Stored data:
[Start of section]

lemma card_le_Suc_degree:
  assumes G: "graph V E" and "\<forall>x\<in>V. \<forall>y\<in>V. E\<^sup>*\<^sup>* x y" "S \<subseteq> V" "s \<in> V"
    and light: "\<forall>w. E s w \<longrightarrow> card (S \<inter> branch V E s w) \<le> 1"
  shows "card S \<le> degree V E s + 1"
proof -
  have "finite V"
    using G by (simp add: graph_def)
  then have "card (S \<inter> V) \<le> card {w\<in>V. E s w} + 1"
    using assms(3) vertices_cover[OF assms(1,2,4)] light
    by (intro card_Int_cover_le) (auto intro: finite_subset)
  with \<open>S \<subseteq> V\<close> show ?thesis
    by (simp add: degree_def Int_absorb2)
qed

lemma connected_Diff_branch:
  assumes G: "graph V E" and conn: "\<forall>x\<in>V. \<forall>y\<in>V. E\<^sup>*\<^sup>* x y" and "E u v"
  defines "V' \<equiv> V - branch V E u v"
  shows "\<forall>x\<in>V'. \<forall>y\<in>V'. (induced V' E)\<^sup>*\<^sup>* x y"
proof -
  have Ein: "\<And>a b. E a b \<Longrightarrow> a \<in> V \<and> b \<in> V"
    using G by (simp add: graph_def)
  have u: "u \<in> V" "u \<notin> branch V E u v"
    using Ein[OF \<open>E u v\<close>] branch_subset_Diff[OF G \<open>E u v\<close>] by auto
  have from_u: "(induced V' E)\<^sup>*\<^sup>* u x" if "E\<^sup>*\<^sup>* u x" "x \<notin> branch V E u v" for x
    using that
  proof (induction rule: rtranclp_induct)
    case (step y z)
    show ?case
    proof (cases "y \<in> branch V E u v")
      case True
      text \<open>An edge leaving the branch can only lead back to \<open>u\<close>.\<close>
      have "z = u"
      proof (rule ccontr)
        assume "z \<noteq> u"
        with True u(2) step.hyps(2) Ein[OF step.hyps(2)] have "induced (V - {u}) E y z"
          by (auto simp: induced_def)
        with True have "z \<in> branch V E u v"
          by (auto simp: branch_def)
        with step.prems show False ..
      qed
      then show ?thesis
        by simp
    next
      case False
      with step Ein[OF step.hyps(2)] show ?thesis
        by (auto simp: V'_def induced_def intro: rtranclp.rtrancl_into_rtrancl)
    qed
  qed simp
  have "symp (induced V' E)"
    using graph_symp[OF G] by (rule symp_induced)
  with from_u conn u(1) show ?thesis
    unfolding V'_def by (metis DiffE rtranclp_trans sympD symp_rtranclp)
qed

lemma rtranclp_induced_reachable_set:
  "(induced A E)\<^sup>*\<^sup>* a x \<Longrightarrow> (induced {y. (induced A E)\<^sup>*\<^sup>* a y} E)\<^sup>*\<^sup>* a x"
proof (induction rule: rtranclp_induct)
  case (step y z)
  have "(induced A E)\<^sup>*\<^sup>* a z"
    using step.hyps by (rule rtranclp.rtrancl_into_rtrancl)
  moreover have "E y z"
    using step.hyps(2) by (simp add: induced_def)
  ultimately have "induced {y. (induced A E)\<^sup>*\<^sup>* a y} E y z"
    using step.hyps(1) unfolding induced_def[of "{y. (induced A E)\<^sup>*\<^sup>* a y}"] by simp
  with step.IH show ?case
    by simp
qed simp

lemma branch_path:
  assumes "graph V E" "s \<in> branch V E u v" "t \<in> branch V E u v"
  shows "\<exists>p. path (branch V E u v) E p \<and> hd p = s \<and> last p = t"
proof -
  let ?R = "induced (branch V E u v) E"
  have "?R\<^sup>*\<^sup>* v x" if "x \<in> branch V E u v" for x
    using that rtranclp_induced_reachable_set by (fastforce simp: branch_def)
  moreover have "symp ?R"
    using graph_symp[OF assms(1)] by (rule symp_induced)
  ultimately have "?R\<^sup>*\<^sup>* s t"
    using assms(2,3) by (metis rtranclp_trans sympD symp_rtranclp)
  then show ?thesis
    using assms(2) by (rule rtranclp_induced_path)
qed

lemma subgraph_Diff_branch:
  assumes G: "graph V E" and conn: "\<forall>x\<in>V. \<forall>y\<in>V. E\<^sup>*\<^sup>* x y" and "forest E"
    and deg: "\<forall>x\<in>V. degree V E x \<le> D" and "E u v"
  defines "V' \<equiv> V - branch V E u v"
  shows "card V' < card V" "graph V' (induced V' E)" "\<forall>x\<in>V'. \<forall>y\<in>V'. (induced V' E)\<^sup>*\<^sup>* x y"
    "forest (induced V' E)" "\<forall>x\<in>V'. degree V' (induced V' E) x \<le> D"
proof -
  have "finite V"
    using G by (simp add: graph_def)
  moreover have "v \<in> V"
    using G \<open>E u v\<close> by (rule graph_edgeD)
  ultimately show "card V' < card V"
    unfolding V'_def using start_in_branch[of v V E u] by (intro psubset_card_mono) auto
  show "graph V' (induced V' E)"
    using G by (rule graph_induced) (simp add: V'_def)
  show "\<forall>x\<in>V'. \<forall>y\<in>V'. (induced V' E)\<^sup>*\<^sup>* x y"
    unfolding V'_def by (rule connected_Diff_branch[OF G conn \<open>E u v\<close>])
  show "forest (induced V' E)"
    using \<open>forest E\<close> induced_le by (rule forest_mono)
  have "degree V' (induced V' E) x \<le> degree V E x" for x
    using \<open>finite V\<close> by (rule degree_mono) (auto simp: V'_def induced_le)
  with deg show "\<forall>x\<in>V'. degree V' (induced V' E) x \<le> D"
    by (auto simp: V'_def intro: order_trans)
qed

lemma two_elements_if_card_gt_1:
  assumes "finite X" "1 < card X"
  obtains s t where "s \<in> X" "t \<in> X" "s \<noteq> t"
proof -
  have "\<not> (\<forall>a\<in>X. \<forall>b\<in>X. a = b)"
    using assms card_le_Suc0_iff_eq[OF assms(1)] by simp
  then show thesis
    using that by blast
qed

[End of section]

# [PROMPT]
Every record above is to be copied out again exactly as written.

# [FINISHED EXERCISE]
lemma card_le_Suc_degree:
  assumes G: "graph V E" and "\<forall>x\<in>V. \<forall>y\<in>V. E\<^sup>*\<^sup>* x y" "S \<subseteq> V" "s \<in> V"
    and light: "\<forall>w. E s w \<longrightarrow> card (S \<inter> branch V E s w) \<le> 1"
  shows "card S \<le> degree V E s + 1"
proof -
  have "finite V"
    using G by (simp add: graph_def)
  then have "card (S \<inter> V) \<le> card {w\<in>V. E s w} + 1"
    using assms(3) vertices_cover[OF assms(1,2,4)] light
    by (intro card_Int_cover_le) (auto intro: finite_subset)
  with \<open>S \<subseteq> V\<close> show ?thesis
    by (simp add: degree_def Int_absorb2)
qed

lemma connected_Diff_branch:
  assumes G: "graph V E" and conn: "\<forall>x\<in>V. \<forall>y\<in>V. E\<^sup>*\<^sup>* x y" and "E u v"
  defines "V' \<equiv> V - branch V E u v"
  shows "\<forall>x\<in>V'. \<forall>y\<in>V'. (induced V' E)\<^sup>*\<^sup>* x y"
proof -
  have Ein: "\<And>a b. E a b \<Longrightarrow> a \<in> V \<and> b \<in> V"
    using G by (simp add: graph_def)
  have u: "u \<in> V" "u \<notin> branch V E u v"
    using Ein[OF \<open>E u v\<close>] branch_subset_Diff[OF G \<open>E u v\<close>] by auto
  have from_u: "(induced V' E)\<^sup>*\<^sup>* u x" if "E\<^sup>*\<^sup>* u x" "x \<notin> branch V E u v" for x
    using that
  proof (induction rule: rtranclp_induct)
    case (step y z)
    show ?case
    proof (cases "y \<in> branch V E u v")
      case True
      text \<open>An edge leaving the branch can only lead back to \<open>u\<close>.\<close>
      have "z = u"
      proof (rule ccontr)
        assume "z \<noteq> u"
        with True u(2) step.hyps(2) Ein[OF step.hyps(2)] have "induced (V - {u}) E y z"
          by (auto simp: induced_def)
        with True have "z \<in> branch V E u v"
          by (auto simp: branch_def)
        with step.prems show False ..
      qed
      then show ?thesis
        by simp
    next
      case False
      with step Ein[OF step.hyps(2)] show ?thesis
        by (auto simp: V'_def induced_def intro: rtranclp.rtrancl_into_rtrancl)
    qed
  qed simp
  have "symp (induced V' E)"
    using graph_symp[OF G] by (rule symp_induced)
  with from_u conn u(1) show ?thesis
    unfolding V'_def by (metis DiffE rtranclp_trans sympD symp_rtranclp)
qed

lemma rtranclp_induced_reachable_set:
  "(induced A E)\<^sup>*\<^sup>* a x \<Longrightarrow> (induced {y. (induced A E)\<^sup>*\<^sup>* a y} E)\<^sup>*\<^sup>* a x"
proof (induction rule: rtranclp_induct)
  case (step y z)
  have "(induced A E)\<^sup>*\<^sup>* a z"
    using step.hyps by (rule rtranclp.rtrancl_into_rtrancl)
  moreover have "E y z"
    using step.hyps(2) by (simp add: induced_def)
  ultimately have "induced {y. (induced A E)\<^sup>*\<^sup>* a y} E y z"
    using step.hyps(1) unfolding induced_def[of "{y. (induced A E)\<^sup>*\<^sup>* a y}"] by simp
  with step.IH show ?case
    by simp
qed simp

lemma branch_path:
  assumes "graph V E" "s \<in> branch V E u v" "t \<in> branch V E u v"
  shows "\<exists>p. path (branch V E u v) E p \<and> hd p = s \<and> last p = t"
proof -
  let ?R = "induced (branch V E u v) E"
  have "?R\<^sup>*\<^sup>* v x" if "x \<in> branch V E u v" for x
    using that rtranclp_induced_reachable_set by (fastforce simp: branch_def)
  moreover have "symp ?R"
    using graph_symp[OF assms(1)] by (rule symp_induced)
  ultimately have "?R\<^sup>*\<^sup>* s t"
    using assms(2,3) by (metis rtranclp_trans sympD symp_rtranclp)
  then show ?thesis
    using assms(2) by (rule rtranclp_induced_path)
qed

lemma subgraph_Diff_branch:
  assumes G: "graph V E" and conn: "\<forall>x\<in>V. \<forall>y\<in>V. E\<^sup>*\<^sup>* x y" and "forest E"
    and deg: "\<forall>x\<in>V. degree V E x \<le> D" and "E u v"
  defines "V' \<equiv> V - branch V E u v"
  shows "card V' < card V" "graph V' (induced V' E)" "\<forall>x\<in>V'. \<forall>y\<in>V'. (induced V' E)\<^sup>*\<^sup>* x y"
    "forest (induced V' E)" "\<forall>x\<in>V'. degree V' (induced V' E) x \<le> D"
proof -
  have "finite V"
    using G by (simp add: graph_def)
  moreover have "v \<in> V"
    using G \<open>E u v\<close> by (rule graph_edgeD)
  ultimately show "card V' < card V"
    unfolding V'_def using start_in_branch[of v V E u] by (intro psubset_card_mono) auto
  show "graph V' (induced V' E)"
    using G by (rule graph_induced) (simp add: V'_def)
  show "\<forall>x\<in>V'. \<forall>y\<in>V'. (induced V' E)\<^sup>*\<^sup>* x y"
    unfolding V'_def by (rule connected_Diff_branch[OF G conn \<open>E u v\<close>])
  show "forest (induced V' E)"
    using \<open>forest E\<close> induced_le by (rule forest_mono)
  have "degree V' (induced V' E) x \<le> degree V E x" for x
    using \<open>finite V\<close> by (rule degree_mono) (auto simp: V'_def induced_le)
  with deg show "\<forall>x\<in>V'. degree V' (induced V' E) x \<le> D"
    by (auto simp: V'_def intro: order_trans)
qed

lemma two_elements_if_card_gt_1:
  assumes "finite X" "1 < card X"
  obtains s t where "s \<in> X" "t \<in> X" "s \<noteq> t"
proof -
  have "\<not> (\<forall>a\<in>X. \<forall>b\<in>X. a = b)"
    using assms card_le_Suc0_iff_eq[OF assms(1)] by simp
  then show thesis
    using that by blast
qed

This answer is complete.